Mr Fieldsend: One of the confusions
here is between occupations and sectors. These are sectorally
based qualifications; they are equipping people for a range of
different occupations but they are quite broad. The construction
industry is quite broad and at different levels. We did a lot
of work to try to think through the right configuration of these
Diplomas. From all the people with whom we consulted, I think
14 is about right.
Q31 Mr Marsden: Please understand
that I am not saying that they are not right. I am saying there
is a danger about what the perception of the outside world, when
they are presented with something as novel and radical as has
been described, will be. You are going to need to make a very
clear effort to bring across the points that you, Ken, and others
have made.
Mr Fieldsend: There is a huge
communication issue.
Dr Boston: Could I add that while
there are these 14 lines of learning, 14 different Diplomas, not
all the content is different from Diploma to Diploma. The core
learning, the requirement for maths, English and ICT and the personal
learning and thinking skills which make up the core, are common
to all these Diplomas at each level.
Q32 Mr Marsden: Will that be clearly
delineated to employers and to people looking at this?

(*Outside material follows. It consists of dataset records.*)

lemma relabel_restr:
  assumes "finite I" "inj_on f I" "B \<subseteq> I" "x \<in> H I"
  shows "rel f B (restr I B x) = restr (f ` I) (f ` B) (rel f I x)"
proof -
  have I: "B \<union> (I - B) = I"
    using assms(3) by blast
  have "cop (f ` B) (f ` (I - B)) (rel f (B \<union> (I - B)) x) =
      map_prod (rel f B) (rel f (I - B)) (cop B (I - B) x)"
    by (rule comult_relabel) (use assms I finite_subset in auto)
  moreover have "f ` (I - B) = f ` I - f ` B"
    using assms(2,3) by (intro inj_on_image_set_diff) auto
  ultimately show ?thesis
    unfolding restr_def I by (metis fst_map_prod)
qed

definition valid_factors :: "('a set \<times> 'h) list \<Rightarrow> bool" where
  "valid_factors ps \<longleftrightarrow> disjoint_list (map fst ps) \<and> (\<forall>(A, a) \<in> set ps. finite A \<and> a \<in> H A)"

fun mult_list :: "('a set \<times> 'h) list \<Rightarrow> 'h" where
  "mult_list [] = one"
| "mult_list ((A, a) # ps) = m A (ground ps) a (mult_list ps)"

lemma valid_factors_Nil [simp]: "valid_factors []"
  by (simp add: valid_factors_def)

lemma valid_factors_Cons [simp]:
  "valid_factors ((A, a) # ps) \<longleftrightarrow> A \<inter> ground ps = {} \<and> finite A \<and> a \<in> H A \<and> valid_factors ps"
  by (auto simp: valid_factors_def)

lemma valid_factors_append:
  "valid_factors (ps @ qs) \<longleftrightarrow> valid_factors ps \<and> valid_factors qs \<and> ground ps \<inter> ground qs = {}"
  by (auto simp: valid_factors_def disjoint_list_append)

lemma valid_factors_move: "valid_factors (ps @ q # qs) \<longleftrightarrow> valid_factors (q # ps @ qs)"
  by (cases q) (auto simp: valid_factors_append)

lemma finite_ground: "valid_factors ps \<Longrightarrow> finite (ground ps)"
  by (auto simp: valid_factors_def)

lemma mult_list_closed: "valid_factors ps \<Longrightarrow> mult_list ps \<in> H (ground ps)"
  by (induction ps rule: mult_list.induct) (auto simp: H_empty intro!: mult_closed finite_ground)

lemma mult_list_append:
  "valid_factors (ps @ qs) \<Longrightarrow>
    mult_list (ps @ qs) = m (ground ps) (ground qs) (mult_list ps) (mult_list qs)"
proof (induction ps rule: mult_list.induct)
  case 1
  then show ?case
    using mult_one_left[OF finite_ground mult_list_closed, of qs] by simp
next
  case (2 A a ps)
  then have valid: "valid_factors ps" "valid_factors qs" "A \<inter> ground ps = {}" "A \<inter> ground qs = {}"
    "ground ps \<inter> ground qs = {}" "finite A" "a \<in> H A"
    by (auto simp: valid_factors_append)
  have "mult_list (((A, a) # ps) @ qs) =
      m A (ground ps \<union> ground qs) a (m (ground ps) (ground qs) (mult_list ps) (mult_list qs))"
    using 2 by (simp add: valid_factors_append)
  also have "\<dots> = m (A \<union> ground ps) (ground qs) (m A (ground ps) a (mult_list ps)) (mult_list qs)"
    by (rule mult_assoc[symmetric, OF valid(6) finite_ground finite_ground valid(3,4,5,7)
          mult_list_closed mult_list_closed])
      (fact valid)+
  finally show ?case
    by simp
qed

lemma mult_list_Cons_empty: "valid_factors (({}, a) # ps) \<Longrightarrow> mult_list (({}, a) # ps) = mult_list ps"
  using H_empty mult_one_left[OF finite_ground mult_list_closed, of ps] by simp

lemma mult_list_filter_nonempty:
  "valid_factors ps \<Longrightarrow> mult_list (filter (\<lambda>(A, a). A \<noteq> {}) ps) = mult_list ps"
proof (induction ps rule: mult_list.induct)
  case 1
  then show ?case by simp
next
  case (2 A a ps)
  have "ground (filter (\<lambda>(A, a). A \<noteq> {}) ps) = ground ps"
    by fastforce
  with 2 mult_list_Cons_empty[of a ps] show ?case
    by auto
qed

Dr Boston: Yes. The additional
learning is a matter of choice. A student could, for example,
in the additional learning at level 3, take an A level or some
units of an A level qualification within it, so there is flexibility
there. The principal learning and the specialist learning are
the particular elements that distinguish the 14 parts.
Q33 Mr Marsden: Geoff Fieldsend,
I wonder if I could return for a moment to the issue of capacity,
which obviously we have talked about. We have talked about the
level of management in DfES, the need for someone to be there,
whether we call them a tsar or whatever, to manage the process
end-to-end. I am slightly concerned, no matter who this paragon
eventually turns out to be, whether there is going to be enough
capacity in the Department for all the day-to-day, nuts and bolts
stuff. Are we not in danger of having not enough Indians as well
as perhaps not having a permanent chief?
Mr Fieldsend: I do not know exactly
the number of people that they will have dedicated to the Diploma
work. It is also important that people who are dedicated to Diplomas
are not responsible for other issues. Certainly capacity in all
of the key agencies, including the DfES, has been part of the
review that was carried out, but I cannot comment on that.

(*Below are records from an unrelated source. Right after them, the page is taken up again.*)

(* Let $n$ be even. The expected runtime of the SD-(1+1) EA with parameter $R$, where $n+1\le R\le n^{O(1)}$, on $\mathrm{Trap}$ is $O(2.34^n\ln n)$.
   Context: $\mathrm{Trap}\colon\{0,1\}^n\to\mathbb{R}$ is defined by $\mathrm{Trap}(x)=\sum_{i=1}^n x_i$ for $x\neq 0^n$ and $\mathrm{Trap}(0^n)=n+1$. The SD-(1+1) EA with parameter $R\ge1$ maximizing $f\colon\{0,1\}^n\to\mathbb{R}$ ($n$ even) works as follows: choose $x$ uniformly at random from $\{0,1\}^n$, set strength $r\gets 1$ and counter $u\gets0$. In each iteration: create $y$ from $x$ by flipping each bit independently with probability $r/n$; set $u\gets u+1$. If $f(y)>f(x)$, set $x\gets y$, $r\gets1$, $u\gets0$. Otherwise, if $f(y)=f(x)$ and $r=1$, set $x\gets y$; and (in the case $f(y)\le f(x)$) if $u>2(en/r)^r\ln(nR)$, set $r\gets\min\{r+1,n/2\}$ and $u\gets 0$. The runtime is the number of iterations until a global maximum is first created. *)

theory Defs
  imports "HOL-Probability.Probability"
begin

text \<open>Bit strings of length n are represented as functions nat => bool that are
  False outside {..<n}.\<close>

definition bitstrings :: "nat \<Rightarrow> (nat \<Rightarrow> bool) set" where
  "bitstrings n = {x. \<forall>i\<ge>n. \<not> x i}"

definition Trap :: "nat \<Rightarrow> (nat \<Rightarrow> bool) \<Rightarrow> real" where
  "Trap n x = (if (\<forall>i<n. \<not> x i) then real n + 1
               else real (card {i. i < n \<and> x i}))"

definition is_global_max :: "nat \<Rightarrow> ((nat \<Rightarrow> bool) \<Rightarrow> real) \<Rightarrow> (nat \<Rightarrow> bool) \<Rightarrow> bool" where
  "is_global_max n f y = (y \<in> bitstrings n \<and> (\<forall>z\<in>bitstrings n. f z \<le> f y))"

text \<open>State: (current search point x, strength r, counter u, flag whether a global
  maximum has been created so far).\<close>
type_synonym sd_state = "(nat \<Rightarrow> bool) \<times> nat \<times> nat \<times> bool"

definition sd_threshold :: "nat \<Rightarrow> real \<Rightarrow> nat \<Rightarrow> real" where
  "sd_threshold n R r = 2 * (exp 1 * real n / real r) ^ r * ln (real n * R)"

definition mutation_mask :: "nat \<Rightarrow> nat \<Rightarrow> (nat \<Rightarrow> bool) pmf" where
  "mutation_mask n r = Pi_pmf {..<n} False (\<lambda>_. bernoulli_pmf (real r / real n))"

definition sd_step :: "((nat \<Rightarrow> bool) \<Rightarrow> real) \<Rightarrow> nat \<Rightarrow> real \<Rightarrow> sd_state \<Rightarrow> sd_state pmf" where
  "sd_step f n R s = (case s of (x, r, u, hit) \<Rightarrow>
     map_pmf (\<lambda>m.
       let y = (\<lambda>i. x i \<noteq> m i);
           u' = u + 1;
           hit' = (hit \<or> is_global_max n f y)
       in if f y > f x then (y, 1, 0, hit')
          else (let x' = (if f y = f x \<and> r = 1 then y else x)
                in if real u' > sd_threshold n R r
                   then (x', min (r + 1) (n div 2), 0, hit')
                   else (x', r, u', hit')))
     (mutation_mask n r))"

Q34 Mr Marsden: I accept that and
I am not asking you to do that. Would you not accept that if we
agreeI think the Chairman said that the buck stops in Sanctuary
Housethat that is the case, then it is crucial that the
capacity for delivery for just chasing things up below that co-ordinating
civil servant should be sufficient, precisely because we are on
extremely tight timelines?
Mr Fieldsend: I absolutely agree
that we should never under-power any new initiative of this sort.
Ms Price: I come from a business
background. As the Chairman has said, this is a huge change management
programme. Certainly, from a business perspective, this would
be manned by a large team of highly capable and qualified people.

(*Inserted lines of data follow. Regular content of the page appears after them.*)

definition C2_on :: "'a::real_normed_vector set \<Rightarrow> ('a \<Rightarrow> real) \<Rightarrow> bool" where
  "C2_on D G \<longleftrightarrow> (\<exists>G' G''. (\<forall>z\<in>D. (G has_derivative blinfun_apply (G' z)) (at z within D))
     \<and> (\<forall>z\<in>D. (G' has_derivative blinfun_apply (G'' z)) (at z within D))
     \<and> continuous_on D G'')"

definition regular_fn :: "(real \<Rightarrow> real \<Rightarrow> real) \<Rightarrow> real^'n \<Rightarrow> real^'n \<Rightarrow> real^'n \<Rightarrow> real^'n
    \<Rightarrow> real^'n \<Rightarrow> real^'n \<Rightarrow> real^'n \<Rightarrow> real^'n \<Rightarrow> (real^'n \<Rightarrow> real^'m) \<Rightarrow> bool" where
  "regular_fn kern \<alpha> \<beta> a b p1 q1 p2 q2 g \<longleftrightarrow> C1_box a b g \<and>
     (\<forall>i k. continuous_on (cbox a b) (Bop kern (\<alpha> $ i) a b (p1 $ i) (q1 $ i) i (\<lambda>s. g s $ k))) \<and>
     (\<forall>i k. continuous_on (cbox a b) (Kop kern (\<beta> $ i) a b (p2 $ i) (q2 $ i) i (\<lambda>s. g s $ k)))"

text \<open>The bilinear operators D and I (P^1, P^2 given by coefficients p, q; the dual
parameter set swaps p and q).\<close>
definition Dop :: "(real \<Rightarrow> real \<Rightarrow> real) \<Rightarrow> real \<Rightarrow> real^'n \<Rightarrow> real^'n \<Rightarrow> real \<Rightarrow> real \<Rightarrow> 'n
    \<Rightarrow> (real^'n \<Rightarrow> real) \<Rightarrow> (real^'n \<Rightarrow> real) \<Rightarrow> real^'n \<Rightarrow> real" where
  "Dop kern \<alpha> a b p q i f g t = f t * Aop kern \<alpha> a b q p i g t + g t * Bop kern \<alpha> a b p q i f t"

We must not underestimate the capacity issues. If there is recognition
of what we are trying to do and address, then we will stand a
much better chance of success.
Q35 Mr Marsden: I would like to continue
with you, Karen, and talk about some of the issues on the balance
between the various Diplomas. You said in your written evidence
to us that the creation of the subject criteria had been very
challenging. One or two of the people who have sent us written
evidence, including the NUT, have expressed concern about the
balance between the various different Diplomas. I think the NUT
for example in their evidence to us said, and this in terms of
volume, not necessarily in terms of the level: "The Creative
and Media Diploma, for example, seems to be very heavy in content
compared to the IT Diploma." I am obviously not asking you
to comment on which Diploma is heavier in volume. I am interested
to knowmaybe John Rogers wants to say something about this
as wellwhat co-ordination and discussion there has been
between the various sectors in terms of developing the Diploma
to make sure that there is a reasonable degree of comparability
in terms of volume and density, or however you want to call it,
which is one of the issues to which the NUT is drawing attention.
Ms Price: My answer to that is
yes, there has been coordination across the first five and there
should be now consistency across all five in terms of weighting
because we have the policy framework to work against in terms
of weighting and hours et cetera. It is probably a misperception
if it is seen that there is greater volume in one than others
but nonetheless what I would argue for is that we must not let
the drive for consistency across all of these 14 Diplomas deny
the inevitable sectoral differences and flexibilities. My employers
are very clear in terms of what they are looking for from the
Diploma. It will be different for other sectors. If we do not
take on board that requirement employers will disengage and, if
they disengage, the young people will not be well served.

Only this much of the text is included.